→ **PROBLEM STATEMENT**:
Filter the entries down to the lines containing "below", and copy those lines.
--- DATA EXTRACT ---
lemma edge_lengths_rev: "edge_lengths (rev xs) = edge_lengths xs"
proof (induction xs rule: induct_list012)
  case (3 a b xs)
  then show ?case
    using edge_lengths_append[of "rev xs @ [b]" "[a]"] by (simp add: nat_dist_commute)
qed simp_all

lemma edge_lengths_shift: "edge_lengths (map (\<lambda>x. x + k) xs) = edge_lengths xs"
  by (induction xs rule: induct_list012) (simp_all add: nat_dist_def)

lemma edge_lengths_arith_prog:
  "edge_lengths (map (\<lambda>i. r + t * i) [0..<n]) = replicate_mset (n - 1) t"
proof (induction n)
  case (Suc n)
  show ?case
  proof (cases n)
    case (Suc m)
    then show ?thesis
      using Suc.IH edge_lengths_append[of "map (\<lambda>i. r + t * i) [0..<n]" "[r + t * n]"]
      by (simp add: nat_dist_def last_map del: upt_Suc) (simp add: algebra_simps)
  qed simp
qed simp

definition residue_class :: "nat \<Rightarrow> nat \<Rightarrow> nat \<Rightarrow> nat list" where
  "residue_class t v r = filter (\<lambda>x. x mod t = r) [0..<v]"

definition class_top :: "nat \<Rightarrow> nat \<Rightarrow> nat \<Rightarrow> nat" where
  "class_top t v r = r + t * ((v - Suc r) div t)"

lemma residue_class_eq_arith_prog:
  assumes "r < t" "r < v"
  shows "residue_class t v r = map (\<lambda>i. r + t * i) [0..<Suc ((v - Suc r) div t)]"
proof (rule sorted_distinct_set_unique)
  have t: "0 < t" using assms by simp
  have below: "r + t * i < v \<longleftrightarrow> i < Suc ((v - Suc r) div t)" for i
  proof -
    have "i < Suc ((v - Suc r) div t) \<longleftrightarrow> i * t \<le> v - Suc r"
      using t by (simp add: less_Suc_eq_le less_eq_div_iff_mult_less_eq)
    then show ?thesis using assms by (simp add: mult.commute) linarith
  qed
  have "x \<in> set (residue_class t v r) \<longleftrightarrow> (\<exists>i. x = r + t * i \<and> r + t * i < v)" for x
  proof
    assume "x \<in> set (residue_class t v r)"
    then have "x = r + t * (x div t)" "x < v"
      by (simp_all add: residue_class_def) (metis add.commute mult_div_mod_eq)
    then show "\<exists>i. x = r + t * i \<and> r + t * i < v" by metis
  qed (auto simp: residue_class_def assms)
  then show "set (residue_class t v r) = set (map (\<lambda>i. r + t * i) [0..<Suc ((v - Suc r) div t)])"
    using below by (auto simp del: upt_Suc intro!: imageI)
  show "sorted (map (\<lambda>i. r + t * i) [0..<Suc ((v - Suc r) div t)])"
    by (simp add: sorted_iff_nth_mono del: upt_Suc)
  show "distinct (map (\<lambda>i. r + t * i) [0..<Suc ((v - Suc r) div t)])"
    using t by (simp add: distinct_map inj_on_def del: upt_Suc)
qed (simp_all add: residue_class_def sorted_wrt_filter)

lemma
  assumes "r < t" "t \<le> v"
  shows residue_class_nonempty: "residue_class t v r \<noteq> []"
    and hd_residue_class: "hd (residue_class t v r) = r"
    and last_residue_class: "last (residue_class t v r) = class_top t v r"
    and edge_lengths_residue_class:
      "edge_lengths (residue_class t v r) = replicate_mset (length (residue_class t v r) - 1) t"
proof -
  define n where "n = (v - Suc r) div t"
  have eq: "residue_class t v r = map (\<lambda>i. r + t * i) [0..<Suc n]"
    unfolding n_def using assms by (intro residue_class_eq_arith_prog) simp_all
  show "residue_class t v r \<noteq> []" "hd (residue_class t v r) = r"
    unfolding eq by (simp_all add: hd_map del: upt_Suc)
  show "last (residue_class t v r) = class_top t v r"
    unfolding eq by (simp add: last_map class_top_def n_def del: upt_Suc)
  show "edge_lengths (residue_class t v r) = replicate_mset (length (residue_class t v r) - 1) t"
    unfolding eq by (simp only: edge_lengths_arith_prog length_map length_upt diff_zero)
qed

lemma class_top_eq:
  assumes "r < t" "t \<le> v"
  shows "class_top t v r = r + t * (v div t - 1) + (if r < v mod t then t else 0)"
proof -
  define q where "q = v div t - 1"
  define w where "w = v mod t"
  have "0 < v div t" using assms by (simp add: div_greater_zero_iff)
  then have v: "v = t * q + t + w"
    unfolding q_def w_def by (metis Suc_diff_1 add.commute mult_Suc_right mult_div_mod_eq)
  have "w < t" using assms by (simp add: w_def)
  have "(v - Suc r) div t = (if r < w then Suc q else q)"
  proof (intro div_nat_eqI)
    show "t * (if r < w then Suc q else q) \<le> v - Suc r"
      using v assms(1) by auto
    show "v - Suc r < t * Suc (if r < w then Suc q else q)"
      using v \<open>w < t\<close> by auto
  qed
  then show ?thesis
    by (simp add: class_top_def q_def w_def)
qed

lemma class_top_gap_same_side:
  assumes "a < t" "b < t" "t \<le> v" "a < v mod t \<longleftrightarrow> b < v mod t"
  shows "nat_dist (class_top t v a) (class_top t v b) = nat_dist a b"
  using assms by (simp add: class_top_eq nat_dist_def)

lemma class_top_gap_across:
  assumes "b < v mod t" "v mod t \<le> a" "a < t" "t \<le> v"
  shows "nat_dist (class_top t v a) (class_top t v b) = t + b - a"
  using assms by (simp add: class_top_eq nat_dist_def)

(* snake t v up R runs through the classes listed in R, the first one upwards iff up; the edge
   from class r to the next class r' has length join_length t v up r r'. *)
fun snake :: "nat \<Rightarrow> nat \<Rightarrow> bool \<Rightarrow> nat list \<Rightarrow> nat list" where
  "snake t v up [] = []"
| "snake t v up (r # R) =
     (if up then residue_class t v r else rev (residue_class t v r)) @ snake t v (\<not> up) R"

definition join_length :: "nat \<Rightarrow> nat \<Rightarrow> bool \<Rightarrow> nat \<Rightarrow> nat \<Rightarrow> nat" where
  "join_length t v up r r' =
     (if up then nat_dist (class_top t v r) (class_top t v r') else nat_dist r r')"

definition joins_two :: "nat \<Rightarrow> nat \<Rightarrow> bool \<Rightarrow> nat list \<Rightarrow> bool" where
  "joins_two t v up R \<longleftrightarrow>
     (\<forall>j. Suc j < length R \<longrightarrow> join_length t v (up = even j) (R ! j) (R ! Suc j) = 2)"

lemma joins_two_Cons_Cons:
  "joins_two t v up (r # r' # R) \<longleftrightarrow>
     join_length t v up r r' = 2 \<and> joins_two t v (\<not> up) (r' # R)"
proof -
  have parity: "((\<not> up) = even j) = (up = odd j)" for j by auto
  show ?thesis unfolding joins_two_def by (simp add: All_less_Suc2 parity)
qed

context
  fixes t v :: nat
  assumes t_le_v: "t \<le> v"
begin

lemma snake_nonempty: "R \<noteq> [] \<Longrightarrow> set R \<subseteq> {..<t} \<Longrightarrow> snake t v up R \<noteq> []"
  by (cases R) (simp_all add: residue_class_nonempty t_le_v)

lemma hd_snake:
  "R \<noteq> [] \<Longrightarrow> set R \<subseteq> {..<t} \<Longrightarrow>
     hd (snake t v up R) = (if up then hd R else class_top t v (hd R))"
  by (cases R) (simp_all add: residue_class_nonempty hd_residue_class last_residue_class hd_rev t_le_v)

lemma last_snake:
  "R \<noteq> [] \<Longrightarrow> set R \<subseteq> {..<t} \<Longrightarrow>
     last (snake t v up R) = (if up = odd (length R) then class_top t v (last R) else last R)"
proof (induction R arbitrary: up)
  case (Cons r R)
  show ?case
  proof (cases "R = []")
    case True
    then show ?thesis
      using Cons.prems by (simp add: residue_class_nonempty hd_residue_class last_residue_class last_rev t_le_v)
  next
    case False
    then show ?thesis
      using Cons.prems Cons.IH[of "\<not> up"] snake_nonempty[of R "\<not> up"] by simp
  qed
qed simp

lemma length_snake_ge: "set R \<subseteq> {..<t} \<Longrightarrow> length R \<le> length (snake t v up R)"
proof (induction R arbitrary: up)
  case (Cons r R)
  have "0 < length (residue_class t v r)"
    using Cons.prems residue_class_nonempty[of r t v] t_le_v by simp
  moreover have "length R \<le> length (snake t v (\<not> up) R)"
    using Cons by simp
  ultimately show ?case by (cases up) (simp_all del: length_greater_0_conv)
qed simp

lemma edge_lengths_snake:
  assumes "set R \<subseteq> {..<t}" "joins_two t v up R"
  shows "edge_lengths (snake t v up R) =
    replicate_mset (length (snake t v up R) - length R) t + replicate_mset (length R - 1) 2"
  using assms
proof (induction R arbitrary: up)
  case (Cons r R)
  define C where "C = (if up then residue_class t v r else rev (residue_class t v r))"
  define S where "S = snake t v (\<not> up) R"
  have r: "r < t" and R: "set R \<subseteq> {..<t}" using Cons.prems by auto
  have C: "C \<noteq> []" "edge_lengths C = replicate_mset (length C - 1) t"
    using r t_le_v by (simp_all add: C_def residue_class_nonempty edge_lengths_rev edge_lengths_residue_class)
  show ?case
  proof (cases R)
    case Nil
    then show ?thesis using C by (simp add: C_def)
  next
    case (Cons r' R')
    have join: "join_length t v up r r' = 2" and joins: "joins_two t v (\<not> up) R"
      using Cons.prems(2) \<open>R = r' # R'\<close> by (simp_all add: joins_two_Cons_Cons)
    have "R \<noteq> []" "hd R = r'" using \<open>R = r' # R'\<close> by simp_all
    then have "hd S = (if up then class_top t v r' else r')"
      using hd_snake[OF _ R, of "\<not> up"] unfolding S_def by simp
    then have "nat_dist (last C) (hd S) = 2"
      using r t_le_v join
      by (simp add: C_def join_length_def last_rev hd_residue_class last_residue_class split: if_splits)
    have IH: "edge_lengths S = replicate_mset (length S - length R) t + replicate_mset (length R - 1) 2"
      unfolding S_def using Cons.IH R joins by blast
    have "length R \<le> length S" "S \<noteq> []"
      using length_snake_ge[OF R] snake_nonempty[OF \<open>R \<noteq> []\<close> R] by (simp_all add: S_def)
    have "edge_lengths (C @ S) = edge_lengths C + edge_lengths S + {#2#}"
      using C(1) \<open>S \<noteq> []\<close> \<open>nat_dist (last C) (hd S) = 2\<close> by (simp add: edge_lengths_append)
    also have "\<dots> = replicate_mset ((length C - 1) + (length S - length R)) t
        + replicate_mset (Suc (length R - 1)) 2"
      unfolding C(2) IH replicate_mset_add by simp
    also have "\<dots> = replicate_mset (length (C @ S) - length (r # R)) t
        + replicate_mset (length (r # R) - 1) 2"
      using C(1) \<open>R \<noteq> []\<close> \<open>length R \<le> length S\<close> by (cases C) auto
    finally show ?thesis by (simp add: C_def S_def)
  qed
qed simp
---
→ **EXERCISE ANSWER**:
  have below: "r + t * i < v \<longleftrightarrow> i < Suc ((v - Suc r) div t)" for i
    using below by (auto simp del: upt_Suc intro!: imageI)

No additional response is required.